4. Keep Portions in Check
Your metabolism has slowed down by the time you hit menopause — with some research suggesting it burns a couple hundred calories fewer a day. You can very quickly avoid 200 calories, but that can also very quickly add up if you don’t reduce the number of calories you consume.
It’s also this time in your life when you may be easing up from the daily duties of preparing meals for your family, and you just want to take a break from the kitchen. Cutting back on restaurant meals and takeout is an easy way to control portions, but the timing and frequency of your meals can make a big difference, too. There’s a lot of research about meal timing, and there is an increasing body of knowledge suggesting that we’ve had it all wrong when we talk about eating five or six small meals a day. Research is pointing to doing better in the weight department by eating three square meals a day. Consider starting your day with a hearty breakfast that contains lean protein, and aim for a light supper. Eating your main meal at noontime can be beneficial for your weight.
5. Stop Eating After 7pm
Research shows that intermittent or alternate day fasting, where you eat normally for a day and restrict calories dramatically the next, can work. People who slashed their calories to between 750 and 1,100 for five days a month for three months lost significantly more abdominal fat — and improved blood pressure, cholesterol and blood sugar levels — than those who didn’t, according to a University of Southern California study published last year.
6. Update Your Sleep Strategy
Insomnia is an extremely common symptom of perimenopause, which is the period of time when women’s bodies transition toward their final menstrual cycle. And according to the North American Menopause Society, that transition phase can last for four to eight years. All that time spent waking up unrefreshed means you’re probably feeling too exhausted to head out for a workout, too. It’s imperative to get sleep as you get older. One of the things that truly helps combat the menopot is high-quality sleep.

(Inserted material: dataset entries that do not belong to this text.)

text \<open>The permutations \<open>\<zeta>\<close> read off from an isomorphism \<open>\<gamma> : f_p M \<cong> f_p M'\<close>, so that \<open>\<gamma> = g_p \<zeta>\<close>.\<close>

definition layer_perm_of :: "(nat \<Rightarrow> 'a set) \<Rightarrow> nat set \<Rightarrow> ('a list + 'a \<Rightarrow> 'a list + 'a)
    \<Rightarrow> nat \<Rightarrow> 'a \<Rightarrow> 'a" where
  "layer_perm_of L p \<gamma> a y = (if a \<in> p \<and> y \<in> L a then projr (\<gamma> (Inr y)) else y)"

locale disjoint_layers =
  fixes d :: nat and L :: "nat \<Rightarrow> 'a set" and p :: "nat set"
  assumes layers_disjoint: "\<And>a b. a \<le> d \<Longrightarrow> b \<le> d \<Longrightarrow> a \<noteq> b \<Longrightarrow> L a \<inter> L b = {}"
    and p_subset: "p \<subseteq> {..d}"
begin

lemma layer_unique: "a \<in> p \<Longrightarrow> b \<in> p \<Longrightarrow> y \<in> L a \<Longrightarrow> y \<in> L b \<Longrightarrow> a = b"
  using layers_disjoint[of a b] p_subset by auto

lemma the_layer: "a \<in> p \<Longrightarrow> y \<in> L a \<Longrightarrow> (THE b. b \<in> p \<and> y \<in> L b) = a"
  using layer_unique by blast

lemma fp_colour_Inr: "a \<in> p \<Longrightarrow> y \<in> L a \<Longrightarrow> fp_colour d L p (Inr y) = Inl a"
  by (simp add: fp_colour_def the_layer)

lemma Pp_permutes: "z \<in> Pp d L p \<Longrightarrow> a \<in> p \<Longrightarrow> z a permutes L a"
  using p_subset by (auto simp: Pp_def)

lemma g_p_Inl: "g_p d L p z (Inl v) = Inl (tup_act z v)"
  by (simp add: g_p_def)

lemma g_p_Inr: "a \<in> p \<Longrightarrow> y \<in> L a \<Longrightarrow> g_p d L p z (Inr y) = Inr (z a y)"
  by (auto simp: g_p_def the_layer)

lemma fp_edges_subset:
  assumes M: "mlnet d L M" shows "fp_edges p M \<subseteq> fp_vertices L p M \<times> fp_vertices L p M"
proof -
  have "Inr (v ! a) \<in> fp_vertices L p M" if "v \<in> fst M" "a \<in> p" for v a
  proof -
    have "v ! a \<in> L a"
      using that p_subset mlnet_nth[OF M] by auto
    then show ?thesis
      using that by (auto simp: fp_vertices_def)
  qed
  then show ?thesis
    using M by (auto simp: mlnet_def fp_edges_def fp_vertices_def)
qed

lemma cg_wf_f_p:
  assumes M: "mlnet d L M" shows "cg_wf (f_p d L p M)"
proof -
  have "fp_colour d L p x \<in> fp_colours d L p" if "x \<in> fp_vertices L p M" for x
  proof (cases x)
    case (Inl v)
    with that have "v \<in> fst M"
      by (auto simp: fp_vertices_def)
    moreover have "pbar d p ! j \<le> d" if "j < length (pbar d p)" for j
      using nth_mem[OF that] by (simp add: set_pbar)
    ultimately show ?thesis
      using Inl mlnet_nth[OF M] by (simp add: fp_colour_def fp_colours_def)
  next
    case (Inr y)
    with that obtain a where "a \<in> p" "y \<in> L a"
      by (auto simp: fp_vertices_def)
    then show ?thesis
      using Inr by (simp add: fp_colour_Inr fp_colours_def)
  qed
  then show ?thesis
    using fp_edges_subset[OF M] by (auto simp: cg_wf_def f_p_eq)
qed

context
  fixes z assumes z: "z \<in> Pp d L p"
begin

lemma bij_betw_g_p_layer:
  assumes a: "a \<in> p" shows "bij_betw (g_p d L p z) (Inr ` L a) (Inr ` L a)"
proof -
  have perm: "bij_betw (z a) (L a) (L a)"
    using Pp_permutes[OF z a] by (rule permutes_imp_bij)
  have "inj_on (g_p d L p z) (Inr ` L a)"
    using perm by (auto simp: inj_on_def bij_betw_def g_p_Inr[OF a])
  moreover have "g_p d L p z ` Inr ` L a = Inr ` z a ` L a"
    unfolding image_image by (rule image_cong) (simp_all add: g_p_Inr[OF a])
  ultimately show ?thesis
    using perm by (simp add: bij_betw_def)
qed

lemma bij_betw_g_p:
  "bij_betw (g_p d L p z) (fp_vertices L p M) (fp_vertices L p (ml_act z M))"
proof -
  have "bij_betw (g_p d L p z) (Inl ` fst M) (Inl ` tup_act z ` fst M)"
    using inj_tup_act[OF Pp_inj[OF z]]
    by (auto simp: bij_betw_def inj_on_def g_p_Inl image_image dest: injD)
  moreover have "bij_betw (g_p d L p z) (\<Union>a\<in>p. Inr ` L a) (\<Union>a\<in>p. Inr ` L a)"
    using layer_unique
    by (intro bij_betw_UNION_disjoint bij_betw_g_p_layer) (auto simp: disjoint_family_on_def)
  ultimately show ?thesis
    unfolding fp_vertices_def image_UN by (auto simp: ml_act_def intro!: bij_betw_combine)
qed

lemma g_p_edges:
  assumes M: "mlnet d L M"
  shows "(\<lambda>(x, y). (g_p d L p z x, g_p d L p z y)) ` fp_edges p M = fp_edges p (ml_act z M)"
proof -
  let ?g = "\<lambda>(x, y). (g_p d L p z x, g_p d L p z y)"
  have "?g ` (\<lambda>(v, u). (Inl v, Inl u)) ` snd M
      = (\<lambda>(v, u). (Inl v, Inl u)) ` (\<lambda>(v, u). (tup_act z v, tup_act z u)) ` snd M"
    unfolding image_image by (rule image_cong) (auto simp: g_p_Inl)
  moreover have "?g ` (\<lambda>(v, a). (Inr (v ! a), Inl v)) ` (fst M \<times> p)
      = (\<lambda>(v, a). (Inr (v ! a), Inl v)) ` (\<lambda>(v, a). (tup_act z v, a)) ` (fst M \<times> p)"
    unfolding image_image
  proof (rule image_cong)
    fix x assume "x \<in> fst M \<times> p"
    then obtain v a where x: "x = (v, a)" "v \<in> fst M" "a \<in> p"
      by blast
    with p_subset have "v ! a \<in> L a" "a < length v"
      using mlnet_nth[OF M] mlnet_length[OF M] by auto
    then show "?g ((\<lambda>(v, a). (Inr (v ! a), Inl v)) x)
        = (\<lambda>(v, a). (Inr (v ! a), Inl v)) ((\<lambda>(v, a). (tup_act z v, a)) x)"
      using x by (simp add: g_p_Inr g_p_Inl)
  qed simp
  moreover have "(\<lambda>(v, a). (tup_act z v, a)) ` (fst M \<times> p) = tup_act z ` fst M \<times> p"
    by force
  ultimately show ?thesis
    by (simp add: fp_edges_def ml_act_def image_Un)
qed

Aim for a minimum of seven (and ideally eight) hours of shut-eye. Keep your bedroom cool to offset hot flashes and night sweats, and turn off all glowing screens for at least an hour before you want to fall asleep. If you really can’t fathom doing that, wear amber-lensed glasses to counteract the sleep-disrupting effects of blue light, or see if your device has an amber light setting.
7. Find an Exercise Buddy
To attack belly fat and any other menopause weight gain, you’ll need to burn between 400 and 500 calories most days of the week from cardiovascular exercise, such as walking briskly, jogging, bicycling, dancing, or swimming. Need motivation? Find a friend who needs to exercise as much as you do, and set a date to work out together. A study published in November 2015 in the British Journal of Health Psychology found that actively looking for a new workout partner and exercising together is beneficial for both exercise and emotional support.
If you don’t have a buddy to join you on your weight loss mission, it may be time to try a group fitness class at your local gym or community center. A study published in November 2017 in the Journal of the American Osteopathic Association found that participating in regular group fitness classes resulted in a significant decrease in stress and a rise in physical, mental, and emotional quality of life compared with exercising regularly on your own or not engaging in regular exercise at all.